Saved entries:
————
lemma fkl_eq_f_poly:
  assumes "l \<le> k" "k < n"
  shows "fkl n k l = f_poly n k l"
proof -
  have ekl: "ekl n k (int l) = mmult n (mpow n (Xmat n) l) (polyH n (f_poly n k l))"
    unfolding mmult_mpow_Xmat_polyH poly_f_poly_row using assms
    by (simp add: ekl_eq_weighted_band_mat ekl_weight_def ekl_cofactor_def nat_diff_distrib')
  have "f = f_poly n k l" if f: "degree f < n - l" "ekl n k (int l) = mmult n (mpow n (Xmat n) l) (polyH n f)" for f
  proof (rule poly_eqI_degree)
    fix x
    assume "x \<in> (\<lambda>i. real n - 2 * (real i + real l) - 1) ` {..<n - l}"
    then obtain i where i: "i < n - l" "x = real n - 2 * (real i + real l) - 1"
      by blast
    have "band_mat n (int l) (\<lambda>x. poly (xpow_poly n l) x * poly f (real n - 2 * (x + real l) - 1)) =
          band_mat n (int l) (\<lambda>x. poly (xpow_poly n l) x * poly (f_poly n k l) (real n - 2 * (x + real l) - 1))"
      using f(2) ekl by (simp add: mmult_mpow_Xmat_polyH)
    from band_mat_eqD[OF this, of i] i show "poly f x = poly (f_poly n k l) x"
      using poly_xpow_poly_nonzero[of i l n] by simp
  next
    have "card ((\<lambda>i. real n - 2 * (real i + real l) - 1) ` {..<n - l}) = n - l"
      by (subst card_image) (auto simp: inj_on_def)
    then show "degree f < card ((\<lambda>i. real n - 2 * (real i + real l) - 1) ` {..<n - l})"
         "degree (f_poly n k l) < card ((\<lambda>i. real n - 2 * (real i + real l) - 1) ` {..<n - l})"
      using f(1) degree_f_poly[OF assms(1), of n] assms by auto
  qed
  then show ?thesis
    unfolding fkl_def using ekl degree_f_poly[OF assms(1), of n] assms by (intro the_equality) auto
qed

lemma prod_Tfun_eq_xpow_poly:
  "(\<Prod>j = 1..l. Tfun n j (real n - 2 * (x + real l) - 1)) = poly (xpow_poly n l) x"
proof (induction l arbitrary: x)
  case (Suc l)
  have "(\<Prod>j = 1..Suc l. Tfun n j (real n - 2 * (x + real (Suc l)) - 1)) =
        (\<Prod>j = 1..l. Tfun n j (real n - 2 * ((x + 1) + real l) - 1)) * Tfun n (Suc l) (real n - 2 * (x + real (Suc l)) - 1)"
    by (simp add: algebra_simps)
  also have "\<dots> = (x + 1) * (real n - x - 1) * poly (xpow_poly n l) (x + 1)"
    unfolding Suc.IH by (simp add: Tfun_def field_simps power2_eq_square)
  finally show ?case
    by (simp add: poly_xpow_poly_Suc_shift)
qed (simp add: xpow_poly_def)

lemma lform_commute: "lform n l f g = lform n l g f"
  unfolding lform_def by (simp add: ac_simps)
————
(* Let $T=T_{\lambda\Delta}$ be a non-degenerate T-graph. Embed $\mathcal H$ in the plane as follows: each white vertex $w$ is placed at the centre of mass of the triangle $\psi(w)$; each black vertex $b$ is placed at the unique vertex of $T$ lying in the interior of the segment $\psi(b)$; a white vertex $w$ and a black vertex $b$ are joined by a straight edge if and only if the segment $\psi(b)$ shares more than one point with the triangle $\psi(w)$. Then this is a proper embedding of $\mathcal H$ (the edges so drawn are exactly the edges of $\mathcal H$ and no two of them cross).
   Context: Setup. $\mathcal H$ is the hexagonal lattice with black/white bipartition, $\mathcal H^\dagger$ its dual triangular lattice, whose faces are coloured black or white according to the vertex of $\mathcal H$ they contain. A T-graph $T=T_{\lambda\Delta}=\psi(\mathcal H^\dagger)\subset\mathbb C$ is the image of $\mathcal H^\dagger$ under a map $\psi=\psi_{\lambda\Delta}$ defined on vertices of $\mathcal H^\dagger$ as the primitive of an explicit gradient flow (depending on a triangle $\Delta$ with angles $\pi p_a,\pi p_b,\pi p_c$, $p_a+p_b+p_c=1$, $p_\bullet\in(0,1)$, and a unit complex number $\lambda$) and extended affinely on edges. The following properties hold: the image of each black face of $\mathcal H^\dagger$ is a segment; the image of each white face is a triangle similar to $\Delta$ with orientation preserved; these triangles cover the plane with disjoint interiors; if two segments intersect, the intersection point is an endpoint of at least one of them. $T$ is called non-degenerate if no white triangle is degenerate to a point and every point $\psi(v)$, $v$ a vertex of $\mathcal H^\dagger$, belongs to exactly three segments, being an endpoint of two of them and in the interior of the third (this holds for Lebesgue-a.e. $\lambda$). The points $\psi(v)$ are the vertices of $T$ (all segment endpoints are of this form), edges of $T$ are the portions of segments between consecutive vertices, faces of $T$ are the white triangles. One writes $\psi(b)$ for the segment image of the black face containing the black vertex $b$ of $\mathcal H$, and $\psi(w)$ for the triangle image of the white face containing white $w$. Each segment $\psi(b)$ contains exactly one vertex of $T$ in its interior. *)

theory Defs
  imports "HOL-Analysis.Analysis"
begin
————
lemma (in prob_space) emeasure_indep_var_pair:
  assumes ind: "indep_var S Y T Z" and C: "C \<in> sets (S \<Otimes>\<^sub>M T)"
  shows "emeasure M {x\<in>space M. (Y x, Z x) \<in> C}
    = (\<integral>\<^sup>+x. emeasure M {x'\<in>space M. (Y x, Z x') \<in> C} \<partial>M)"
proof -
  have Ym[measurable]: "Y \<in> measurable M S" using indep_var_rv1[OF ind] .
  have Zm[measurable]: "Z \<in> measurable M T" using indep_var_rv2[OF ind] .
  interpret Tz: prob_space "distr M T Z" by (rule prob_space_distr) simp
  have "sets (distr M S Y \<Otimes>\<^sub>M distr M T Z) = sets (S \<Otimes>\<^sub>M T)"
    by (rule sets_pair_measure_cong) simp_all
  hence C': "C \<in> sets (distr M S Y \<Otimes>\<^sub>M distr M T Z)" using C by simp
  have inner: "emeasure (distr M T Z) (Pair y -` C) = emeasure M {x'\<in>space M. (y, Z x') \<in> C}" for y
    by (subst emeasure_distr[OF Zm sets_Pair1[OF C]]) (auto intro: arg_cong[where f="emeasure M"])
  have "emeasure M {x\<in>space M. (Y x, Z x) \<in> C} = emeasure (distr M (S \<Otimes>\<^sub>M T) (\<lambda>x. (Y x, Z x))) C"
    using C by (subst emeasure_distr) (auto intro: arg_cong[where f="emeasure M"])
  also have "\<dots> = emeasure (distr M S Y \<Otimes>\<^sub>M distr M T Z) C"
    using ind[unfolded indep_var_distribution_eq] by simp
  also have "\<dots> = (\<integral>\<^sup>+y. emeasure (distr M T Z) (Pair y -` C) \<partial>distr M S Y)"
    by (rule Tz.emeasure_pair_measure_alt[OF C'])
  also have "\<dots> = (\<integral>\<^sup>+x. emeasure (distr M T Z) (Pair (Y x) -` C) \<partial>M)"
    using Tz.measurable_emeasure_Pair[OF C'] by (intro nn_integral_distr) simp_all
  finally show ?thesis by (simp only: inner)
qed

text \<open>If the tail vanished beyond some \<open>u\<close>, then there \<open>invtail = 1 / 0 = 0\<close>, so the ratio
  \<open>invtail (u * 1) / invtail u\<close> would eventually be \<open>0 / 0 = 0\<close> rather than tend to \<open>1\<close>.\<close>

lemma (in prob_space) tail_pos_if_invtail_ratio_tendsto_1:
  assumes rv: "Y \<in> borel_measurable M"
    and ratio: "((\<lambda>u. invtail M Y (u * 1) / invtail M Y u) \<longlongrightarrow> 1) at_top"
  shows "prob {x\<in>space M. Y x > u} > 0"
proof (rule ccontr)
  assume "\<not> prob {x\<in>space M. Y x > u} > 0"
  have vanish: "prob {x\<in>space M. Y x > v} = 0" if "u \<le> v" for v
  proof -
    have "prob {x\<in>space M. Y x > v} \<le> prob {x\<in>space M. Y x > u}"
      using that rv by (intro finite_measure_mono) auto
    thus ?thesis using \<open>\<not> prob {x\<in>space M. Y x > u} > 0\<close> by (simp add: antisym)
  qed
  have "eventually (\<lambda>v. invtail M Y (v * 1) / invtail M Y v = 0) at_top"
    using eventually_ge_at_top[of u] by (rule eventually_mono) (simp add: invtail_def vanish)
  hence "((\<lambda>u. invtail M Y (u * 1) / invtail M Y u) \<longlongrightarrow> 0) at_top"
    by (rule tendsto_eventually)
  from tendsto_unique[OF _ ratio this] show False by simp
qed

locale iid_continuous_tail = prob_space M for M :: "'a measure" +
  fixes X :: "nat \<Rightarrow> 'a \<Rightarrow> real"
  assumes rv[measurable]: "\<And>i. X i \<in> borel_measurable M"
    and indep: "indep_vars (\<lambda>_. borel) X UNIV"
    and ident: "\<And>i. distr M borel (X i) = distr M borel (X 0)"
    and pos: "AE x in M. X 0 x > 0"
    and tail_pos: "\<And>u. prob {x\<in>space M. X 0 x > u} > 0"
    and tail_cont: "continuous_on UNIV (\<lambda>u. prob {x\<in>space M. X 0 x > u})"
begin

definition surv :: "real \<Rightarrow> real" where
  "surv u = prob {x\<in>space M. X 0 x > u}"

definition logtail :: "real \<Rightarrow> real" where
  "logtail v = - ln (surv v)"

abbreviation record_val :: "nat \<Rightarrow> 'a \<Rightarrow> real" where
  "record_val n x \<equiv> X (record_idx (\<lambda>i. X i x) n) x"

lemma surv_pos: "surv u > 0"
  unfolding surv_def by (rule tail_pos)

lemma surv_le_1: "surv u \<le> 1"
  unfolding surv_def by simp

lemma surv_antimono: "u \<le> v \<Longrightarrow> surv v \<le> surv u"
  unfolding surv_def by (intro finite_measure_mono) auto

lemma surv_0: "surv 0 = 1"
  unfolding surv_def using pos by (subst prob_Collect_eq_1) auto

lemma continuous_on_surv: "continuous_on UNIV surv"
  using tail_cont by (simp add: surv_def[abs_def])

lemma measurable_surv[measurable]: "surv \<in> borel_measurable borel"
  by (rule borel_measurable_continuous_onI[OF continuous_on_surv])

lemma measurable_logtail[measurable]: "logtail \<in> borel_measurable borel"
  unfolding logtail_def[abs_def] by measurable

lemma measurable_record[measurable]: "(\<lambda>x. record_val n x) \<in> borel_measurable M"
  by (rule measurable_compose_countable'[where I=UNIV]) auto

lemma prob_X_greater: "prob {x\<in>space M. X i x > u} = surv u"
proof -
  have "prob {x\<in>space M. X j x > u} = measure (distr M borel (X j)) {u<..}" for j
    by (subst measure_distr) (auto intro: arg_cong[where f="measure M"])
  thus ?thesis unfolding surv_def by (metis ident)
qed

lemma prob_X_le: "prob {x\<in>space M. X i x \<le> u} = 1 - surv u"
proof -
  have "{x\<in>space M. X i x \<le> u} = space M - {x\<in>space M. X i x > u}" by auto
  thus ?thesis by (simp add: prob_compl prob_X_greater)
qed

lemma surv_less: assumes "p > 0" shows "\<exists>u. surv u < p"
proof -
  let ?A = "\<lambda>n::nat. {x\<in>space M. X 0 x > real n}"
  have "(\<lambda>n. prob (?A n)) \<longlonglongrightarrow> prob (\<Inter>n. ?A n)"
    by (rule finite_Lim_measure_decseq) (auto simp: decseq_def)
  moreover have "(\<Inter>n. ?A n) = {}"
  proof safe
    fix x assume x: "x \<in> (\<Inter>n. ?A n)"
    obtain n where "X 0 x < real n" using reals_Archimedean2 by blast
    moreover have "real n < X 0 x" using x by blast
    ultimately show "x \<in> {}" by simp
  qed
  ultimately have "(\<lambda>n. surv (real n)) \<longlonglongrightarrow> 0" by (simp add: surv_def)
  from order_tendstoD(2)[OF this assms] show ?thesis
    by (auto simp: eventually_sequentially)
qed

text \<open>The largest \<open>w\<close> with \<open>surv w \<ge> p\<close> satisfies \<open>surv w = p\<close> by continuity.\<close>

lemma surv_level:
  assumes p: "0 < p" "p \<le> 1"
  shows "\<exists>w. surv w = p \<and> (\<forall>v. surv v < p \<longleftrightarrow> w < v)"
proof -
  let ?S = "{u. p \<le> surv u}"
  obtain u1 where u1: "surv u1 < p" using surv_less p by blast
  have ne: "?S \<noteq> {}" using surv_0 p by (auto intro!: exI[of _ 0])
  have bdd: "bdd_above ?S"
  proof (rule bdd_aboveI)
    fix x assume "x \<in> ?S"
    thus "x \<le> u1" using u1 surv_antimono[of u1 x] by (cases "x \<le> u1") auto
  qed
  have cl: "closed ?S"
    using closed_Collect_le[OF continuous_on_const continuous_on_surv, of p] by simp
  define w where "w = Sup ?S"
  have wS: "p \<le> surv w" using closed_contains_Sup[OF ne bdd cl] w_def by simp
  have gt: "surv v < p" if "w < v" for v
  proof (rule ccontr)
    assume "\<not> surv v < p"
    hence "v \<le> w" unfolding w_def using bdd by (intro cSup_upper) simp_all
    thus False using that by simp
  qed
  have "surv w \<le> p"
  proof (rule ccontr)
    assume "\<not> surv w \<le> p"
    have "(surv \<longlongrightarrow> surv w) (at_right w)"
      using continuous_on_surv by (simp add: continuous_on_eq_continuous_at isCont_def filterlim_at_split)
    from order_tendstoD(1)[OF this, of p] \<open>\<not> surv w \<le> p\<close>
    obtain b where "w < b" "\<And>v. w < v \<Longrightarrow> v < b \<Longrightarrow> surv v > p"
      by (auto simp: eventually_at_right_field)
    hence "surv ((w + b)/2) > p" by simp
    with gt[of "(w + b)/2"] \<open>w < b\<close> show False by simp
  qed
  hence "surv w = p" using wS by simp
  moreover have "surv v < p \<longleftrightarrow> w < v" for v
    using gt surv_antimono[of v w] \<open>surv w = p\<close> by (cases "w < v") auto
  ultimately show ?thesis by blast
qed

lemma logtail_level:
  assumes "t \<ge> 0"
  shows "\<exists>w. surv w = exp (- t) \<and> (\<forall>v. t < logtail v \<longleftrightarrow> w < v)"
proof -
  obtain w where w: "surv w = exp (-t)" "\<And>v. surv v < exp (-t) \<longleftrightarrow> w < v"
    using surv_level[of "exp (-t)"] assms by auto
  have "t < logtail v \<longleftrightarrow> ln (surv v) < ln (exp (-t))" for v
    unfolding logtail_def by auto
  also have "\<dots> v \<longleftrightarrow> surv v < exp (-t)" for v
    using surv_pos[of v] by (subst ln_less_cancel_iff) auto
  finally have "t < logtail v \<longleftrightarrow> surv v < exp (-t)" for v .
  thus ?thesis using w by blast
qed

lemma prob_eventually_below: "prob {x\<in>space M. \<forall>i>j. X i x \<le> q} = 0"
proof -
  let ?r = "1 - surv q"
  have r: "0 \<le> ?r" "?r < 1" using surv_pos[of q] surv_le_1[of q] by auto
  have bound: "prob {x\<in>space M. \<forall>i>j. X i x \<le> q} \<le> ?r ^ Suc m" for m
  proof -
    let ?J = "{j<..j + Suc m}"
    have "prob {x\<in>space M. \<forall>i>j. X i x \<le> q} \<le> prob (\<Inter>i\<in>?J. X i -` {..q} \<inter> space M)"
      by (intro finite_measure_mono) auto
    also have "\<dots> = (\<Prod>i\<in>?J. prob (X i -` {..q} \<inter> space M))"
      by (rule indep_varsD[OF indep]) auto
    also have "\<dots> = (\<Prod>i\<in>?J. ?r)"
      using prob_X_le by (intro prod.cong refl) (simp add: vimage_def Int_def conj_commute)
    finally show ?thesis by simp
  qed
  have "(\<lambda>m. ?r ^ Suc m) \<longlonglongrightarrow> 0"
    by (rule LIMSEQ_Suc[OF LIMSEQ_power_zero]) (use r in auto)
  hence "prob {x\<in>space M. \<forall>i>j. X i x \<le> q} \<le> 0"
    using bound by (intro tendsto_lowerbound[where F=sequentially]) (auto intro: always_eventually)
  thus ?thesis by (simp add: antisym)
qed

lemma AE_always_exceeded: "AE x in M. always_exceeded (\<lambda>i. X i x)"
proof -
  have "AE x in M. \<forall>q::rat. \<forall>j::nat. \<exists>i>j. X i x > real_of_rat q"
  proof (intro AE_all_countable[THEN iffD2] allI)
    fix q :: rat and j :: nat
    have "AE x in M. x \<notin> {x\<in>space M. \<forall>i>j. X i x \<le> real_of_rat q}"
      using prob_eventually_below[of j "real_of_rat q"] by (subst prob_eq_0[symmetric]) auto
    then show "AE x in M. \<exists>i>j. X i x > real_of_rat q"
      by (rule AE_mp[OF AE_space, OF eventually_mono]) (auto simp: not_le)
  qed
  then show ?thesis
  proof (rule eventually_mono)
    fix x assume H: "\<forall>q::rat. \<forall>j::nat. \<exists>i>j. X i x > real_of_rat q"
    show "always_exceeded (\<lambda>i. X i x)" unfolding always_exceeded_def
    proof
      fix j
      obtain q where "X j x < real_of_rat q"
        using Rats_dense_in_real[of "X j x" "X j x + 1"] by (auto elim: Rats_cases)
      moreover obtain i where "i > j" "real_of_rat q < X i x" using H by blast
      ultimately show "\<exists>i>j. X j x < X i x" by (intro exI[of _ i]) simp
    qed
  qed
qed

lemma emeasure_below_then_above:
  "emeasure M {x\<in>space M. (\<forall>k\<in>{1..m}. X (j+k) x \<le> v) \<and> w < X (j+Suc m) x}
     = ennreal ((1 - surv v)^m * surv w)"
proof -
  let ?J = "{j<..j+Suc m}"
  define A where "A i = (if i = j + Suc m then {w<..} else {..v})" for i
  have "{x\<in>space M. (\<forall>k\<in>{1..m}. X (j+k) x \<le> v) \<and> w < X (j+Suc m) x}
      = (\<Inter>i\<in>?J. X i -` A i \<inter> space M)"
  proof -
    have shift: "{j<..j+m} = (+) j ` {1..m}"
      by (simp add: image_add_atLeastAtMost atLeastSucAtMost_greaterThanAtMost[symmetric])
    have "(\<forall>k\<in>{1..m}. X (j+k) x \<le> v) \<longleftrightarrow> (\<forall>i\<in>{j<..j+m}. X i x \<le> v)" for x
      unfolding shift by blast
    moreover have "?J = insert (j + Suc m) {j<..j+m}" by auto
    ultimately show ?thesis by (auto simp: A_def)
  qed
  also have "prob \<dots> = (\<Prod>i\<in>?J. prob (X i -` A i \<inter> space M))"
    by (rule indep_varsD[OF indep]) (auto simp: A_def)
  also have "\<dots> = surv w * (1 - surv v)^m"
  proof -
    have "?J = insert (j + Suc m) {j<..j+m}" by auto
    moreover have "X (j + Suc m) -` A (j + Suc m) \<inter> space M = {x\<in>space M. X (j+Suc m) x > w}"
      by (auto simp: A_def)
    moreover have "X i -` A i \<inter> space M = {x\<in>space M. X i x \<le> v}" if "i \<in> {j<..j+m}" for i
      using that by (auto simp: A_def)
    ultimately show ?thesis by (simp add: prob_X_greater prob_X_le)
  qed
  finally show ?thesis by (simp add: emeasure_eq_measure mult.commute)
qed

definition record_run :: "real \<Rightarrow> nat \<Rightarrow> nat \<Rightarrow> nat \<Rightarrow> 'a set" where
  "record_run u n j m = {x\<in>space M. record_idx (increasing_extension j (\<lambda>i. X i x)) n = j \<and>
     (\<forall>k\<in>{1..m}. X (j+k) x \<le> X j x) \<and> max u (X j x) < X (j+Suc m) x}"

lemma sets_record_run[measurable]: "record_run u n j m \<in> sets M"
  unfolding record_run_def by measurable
————
**How to complete this task**
Send back an exact copy of only the lines from the line with "(\<integral>\<^sup>+x. emeasure (distr" up to and including the line with "by (rule tendsto_eventually)" in the data above.

**Response box**
  also have "\<dots> = (\<integral>\<^sup>+x. emeasure (distr M T Z) (Pair (Y x) -` C) \<partial>M)"
    using Tz.measurable_emeasure_Pair[OF C'] by (intro nn_integral_distr) simp_all
  finally show ?thesis by (simp only: inner)
qed

text \<open>If the tail vanished beyond some \<open>u\<close>, then there \<open>invtail = 1 / 0 = 0\<close>, so the ratio
  \<open>invtail (u * 1) / invtail u\<close> would eventually be \<open>0 / 0 = 0\<close> rather than tend to \<open>1\<close>.\<close>

lemma (in prob_space) tail_pos_if_invtail_ratio_tendsto_1:
  assumes rv: "Y \<in> borel_measurable M"
    and ratio: "((\<lambda>u. invtail M Y (u * 1) / invtail M Y u) \<longlongrightarrow> 1) at_top"
  shows "prob {x\<in>space M. Y x > u} > 0"
proof (rule ccontr)
  assume "\<not> prob {x\<in>space M. Y x > u} > 0"
  have vanish: "prob {x\<in>space M. Y x > v} = 0" if "u \<le> v" for v
  proof -
    have "prob {x\<in>space M. Y x > v} \<le> prob {x\<in>space M. Y x > u}"
      using that rv by (intro finite_measure_mono) auto
    thus ?thesis using \<open>\<not> prob {x\<in>space M. Y x > u} > 0\<close> by (simp add: antisym)
  qed
  have "eventually (\<lambda>v. invtail M Y (v * 1) / invtail M Y v = 0) at_top"
    using eventually_ge_at_top[of u] by (rule eventually_mono) (simp add: invtail_def vanish)
  hence "((\<lambda>u. invtail M Y (u * 1) / invtail M Y u) \<longlongrightarrow> 0) at_top"
    by (rule tendsto_eventually)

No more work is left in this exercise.